A September 28 AP article cited that only 15 percent of promised funds have been released. Disturbingly, NONE of the promised 1.15 billion in aid from the U.S. has materialized. According to Katz, Senator Tom Coburn has blocked its passage in the Foreign Relations Committee because of a $5 million line-item that appears to duplicate the structure of the U.S. Ambassador in Haiti. Quick action must be taken to rectify this while Congress is still in session, before they break for mid-term elections.
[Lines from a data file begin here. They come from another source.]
lemma sum_edge_degree:
  assumes "graph E inc" "f \<in> E" "inc f \<subseteq> V" "finite V"
  shows "(\<Sum>v\<in>V. edge_degree inc f v) = 2"
proof -
  have s: "(\<Sum>v\<in>V. edge_degree inc f v)
     = 2 * card {v\<in>V. inc f = {v}} + card {v\<in>V. v \<in> inc f \<and> card (inc f) = 2}"
    using assms(4) by (simp add: edge_degree_def card_filter_eq_sum sum.distrib sum_distrib_left)
  have "card (inc f) = 1 \<or> card (inc f) = 2" using assms(1,2) unfolding graph_def by blast
  then show ?thesis
  proof
    assume one: "card (inc f) = 1"
    then obtain a where a: "inc f = {a}" by (auto simp: card_Suc_eq)
    then have "{v\<in>V. inc f = {v}} = {a}" "{v\<in>V. v \<in> inc f \<and> card (inc f) = 2} = {}"
      using assms(3) one by auto
    then show ?thesis unfolding s by (simp only:) simp
  next
    assume two: "card (inc f) = 2"
    then have "{v\<in>V. inc f = {v}} = {}" "{v\<in>V. v \<in> inc f \<and> card (inc f) = 2} = inc f"
      using assms(3) by auto
    then show ?thesis unfolding s using two by (simp only:) simp
  qed
qed

lemma sum_degree_verts:
  assumes "graph E inc" "C \<subseteq> E"
  shows "(\<Sum>v\<in>verts inc C. degree inc C v) = 2 * card C"
proof -
  have fin: "finite C" "finite (verts inc C)"
    using graph_finite_subset[OF assms] finite_verts[OF assms] by auto
  have "(\<Sum>v\<in>verts inc C. degree inc C v) = (\<Sum>v\<in>verts inc C. \<Sum>f\<in>C. edge_degree inc f v)"
    using degree_eq_sum_edge_degree[OF fin(1)] by (intro sum.cong) auto
  also have "\<dots> = (\<Sum>f\<in>C. \<Sum>v\<in>verts inc C. edge_degree inc f v)"
    by (rule sum.swap)
  also have "\<dots> = (\<Sum>f\<in>C. 2)"
    using sum_edge_degree[OF assms(1) _ _ fin(2)] assms(2) by (intro sum.cong) (auto simp: verts_def)
  finally show ?thesis by simp
qed

lemma excess_cycle:
  assumes "graph E inc" "C \<subseteq> E" "is_cycle inc C"
  shows "excess inc C = 0"
proof -
  have "(\<Sum>v\<in>verts inc C. degree inc C v) = 2 * card (verts inc C)"
    using assms(3) unfolding is_cycle_def by simp
  then show ?thesis using sum_degree_verts[OF assms(1,2)] by (simp add: excess_def)
qed

lemma leafless_cycle:
  assumes "is_cycle inc C"
  shows "leafless inc C"
  unfolding leafless_def
proof (intro allI notI)
  fix v assume v: "is_leaf inc C v"
  then obtain f where f: "f \<in> C" "v \<in> inc f" unfolding is_leaf_def by blast
  have two: "\<forall>g\<in>C. v \<in> inc g \<longrightarrow> card (inc g) = 2"
    using v unfolding is_leaf_def by (rule conjunct2)
  have "{g\<in>C. inc g = {v}} = {}" using two by force
  moreover have "{g\<in>C. v \<in> inc g \<and> card (inc g) = 2} = {f}"
    using is_leaf_unique_edge[OF v f] f two by blast
  ultimately have "degree inc C v = 1" unfolding degree_def by (simp only:) simp
  moreover have "v \<in> verts inc C" using f by (auto simp: verts_def)
  ultimately show False using assms unfolding is_cycle_def by simp
qed

lemma cycle_not_psubset:
  assumes "graph E inc" "C1 \<subseteq> E" "is_cycle inc C1" "is_cycle inc C2"
  shows "\<not> C2 \<subset> C1"
proof
  assume sub: "C2 \<subset> C1"
  have "edge_connected inc C1"
    using assms(3) connected_edges_imp_edge_connected unfolding is_cycle_def by blast
  then obtain g h where gh: "g \<in> C2" "h \<in> C1 - C2" "inc g \<inter> inc h \<noteq> {}"
    using edge_connected_cut[of inc C1 C2] sub assms(4) unfolding is_cycle_def by blast
  then obtain u where u: "u \<in> inc g" "u \<in> inc h" by blast
  have fin: "finite C1" using graph_finite_subset[OF assms(1,2)] .
  have h12: "card (inc h) = 1 \<or> card (inc h) = 2"
    using assms(1,2) gh unfolding graph_def by blast
  \<comment> \<open>At the common vertex u the edge h adds to the degree 2 that u already has in C2.\<close>
  have "degree inc C2 u = 2" "degree inc C1 u = 2"
    using u gh sub assms(3,4) unfolding is_cycle_def by (auto simp: verts_def)
  moreover have "card {f\<in>C2. inc f = {u}} \<le> card {f\<in>C1. inc f = {u}}"
    "card {f\<in>C2. u \<in> inc f \<and> card (inc f) = 2} \<le> card {f\<in>C1. u \<in> inc f \<and> card (inc f) = 2}"
    using fin sub by (intro card_mono; auto)+
  moreover from h12 have "card {f\<in>C2. inc f = {u}} < card {f\<in>C1. inc f = {u}}
    \<or> card {f\<in>C2. u \<in> inc f \<and> card (inc f) = 2} < card {f\<in>C1. u \<in> inc f \<and> card (inc f) = 2}"
  proof
    assume "card (inc h) = 1"
    then have "inc h = {u}" using u by (auto simp: card_Suc_eq)
    then show ?thesis using fin sub gh by (intro disjI1 psubset_card_mono) auto
  next
    assume "card (inc h) = 2"
    then show ?thesis using fin sub gh u by (intro disjI2 psubset_card_mono) auto
  qed
  ultimately show False unfolding degree_def by linarith
qed

section \<open>Independence in M_k(G)\<close>

lemma Mk_circuit_excess:
  assumes "Mk_circuit E inc k C"
  shows "C \<subseteq> E" "C \<noteq> {}" "excess inc C = int k"
  using assms unfolding Mk_circuit_def Let_def excess_def by auto

lemma exists_Mk_circuit:
  assumes "graph E inc" "k \<ge> 1" "Y \<subseteq> E" "Y \<noteq> {}" "excess inc Y \<ge> int k"
  obtains C where "Mk_circuit E inc k C" "C \<subseteq> Y"
proof -
  let ?P = "\<lambda>Z. Z \<subseteq> Y \<and> Z \<noteq> {} \<and> excess inc Z \<ge> int k"
  obtain Z where Z: "?P Z" "\<And>W. ?P W \<Longrightarrow> card Z \<le> card W"
    using ex_has_least_nat[of ?P Y card] assms(3-5) by blast
  have ZE: "Z \<subseteq> E" using Z(1) assms(3) by blast
  have smaller: "excess inc D < int k" if "D \<subset> Z" "D \<noteq> {}" for D
  proof -
    have "card D < card Z" using that(1) graph_finite_subset[OF assms(1) ZE] by (rule psubset_card_mono[rotated])
    then have "\<not> ?P D" using Z(2) by (meson not_le)
    then show ?thesis using Z(1) that by auto
  qed
  \<comment> \<open>Minimality forces equality, since removing one edge lowers the excess by at most one.\<close>
  have "excess inc Z = int k"
  proof (rule ccontr)
    assume ne: "excess inc Z \<noteq> int k"
    obtain z where z: "z \<in> Z" using Z(1) by blast
    have zE: "z \<in> E" using z ZE by blast
    have "excess inc (insert z (Z - {z})) \<le> excess inc (Z - {z}) + 1"
      using ZE by (intro excess_insert_le[OF assms(1) _ zE]) auto
    then have "excess inc Z \<le> excess inc (Z - {z}) + 1" using z by (simp add: insert_absorb)
    moreover have "excess inc (Z - {z}) < int k"
    proof (cases "Z - {z} = {}")
      case True
      show ?thesis unfolding True using assms(2) by simp
    qed (use smaller z in blast)
    ultimately show False using Z(1) ne by linarith
  qed
  then have "Mk_circuit E inc k Z"
    unfolding Mk_circuit_def Let_def
  proof (intro conjI allI impI notI)
    fix D assume "D \<subset> Z" "D \<subseteq> E \<and> D \<noteq> {} \<and> card D = card (verts inc D) + k"
    then show False using smaller[of D] by (simp add: excess_def)
  qed (use Z(1) ZE in \<open>auto simp: excess_def\<close>)
  then show ?thesis using that Z(1) by blast
qed

lemma Mk_indep_iff_excess:
  assumes "graph E inc" "k \<ge> 1"
  shows "Mk_indep E inc k X \<longleftrightarrow> X \<subseteq> E \<and> (\<forall>Y. Y \<subseteq> X \<longrightarrow> Y \<noteq> {} \<longrightarrow> excess inc Y < int k)"
proof
  assume indep: "Mk_indep E inc k X"
  then have XE: "X \<subseteq> E" unfolding Mk_indep_def by blast
  have "excess inc Y < int k" if Y: "Y \<subseteq> X" "Y \<noteq> {}" for Y
  proof (rule ccontr)
    assume "\<not> excess inc Y < int k"
    obtain C where "Mk_circuit E inc k C" "C \<subseteq> Y"
      by (rule exists_Mk_circuit[OF assms, of Y]) (use Y XE \<open>\<not> excess inc Y < int k\<close> in auto)
    then show False using indep Y(1) unfolding Mk_indep_def by blast
  qed
  then show "X \<subseteq> E \<and> (\<forall>Y. Y \<subseteq> X \<longrightarrow> Y \<noteq> {} \<longrightarrow> excess inc Y < int k)"
    using XE by blast
next
  assume *: "X \<subseteq> E \<and> (\<forall>Y. Y \<subseteq> X \<longrightarrow> Y \<noteq> {} \<longrightarrow> excess inc Y < int k)"
  show "Mk_indep E inc k X"
    unfolding Mk_indep_def
  proof (intro conjI allI impI notI)
    fix C assume C: "Mk_circuit E inc k C" "C \<subseteq> X"
    have "excess inc C < int k" using * C(2) Mk_circuit_excess(2)[OF C(1)] by blast
    then show False using Mk_circuit_excess(3)[OF C(1)] by simp
  qed (use * in blast)
qed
The voting public must seize this opportunity of increased visibility during election season to push the passage of this 1.15 billion in aid. As this report and very many others like it ( for example, “Our Bodies Are Still Trembling,” “We Became Garbage to Them,” and “We Have Been Forgotten”) amply document, the crisis is far from over and the situation remains quite urgent. We should follow up our unprecedented generosity by keeping our promises to our long-standing neighbor.
It is not too late to rebuild, but we need to rebuild on solid foundations. It is possible if we act now. Our conscience should allow no less.
Mark Schuller is Assistant Professor of African American Studies and Anthropology at York College, the City University of New York. He is the co-editor of Capitalizing on Catastrophe: Neoliberal Strategies in Disaster Reconstruction.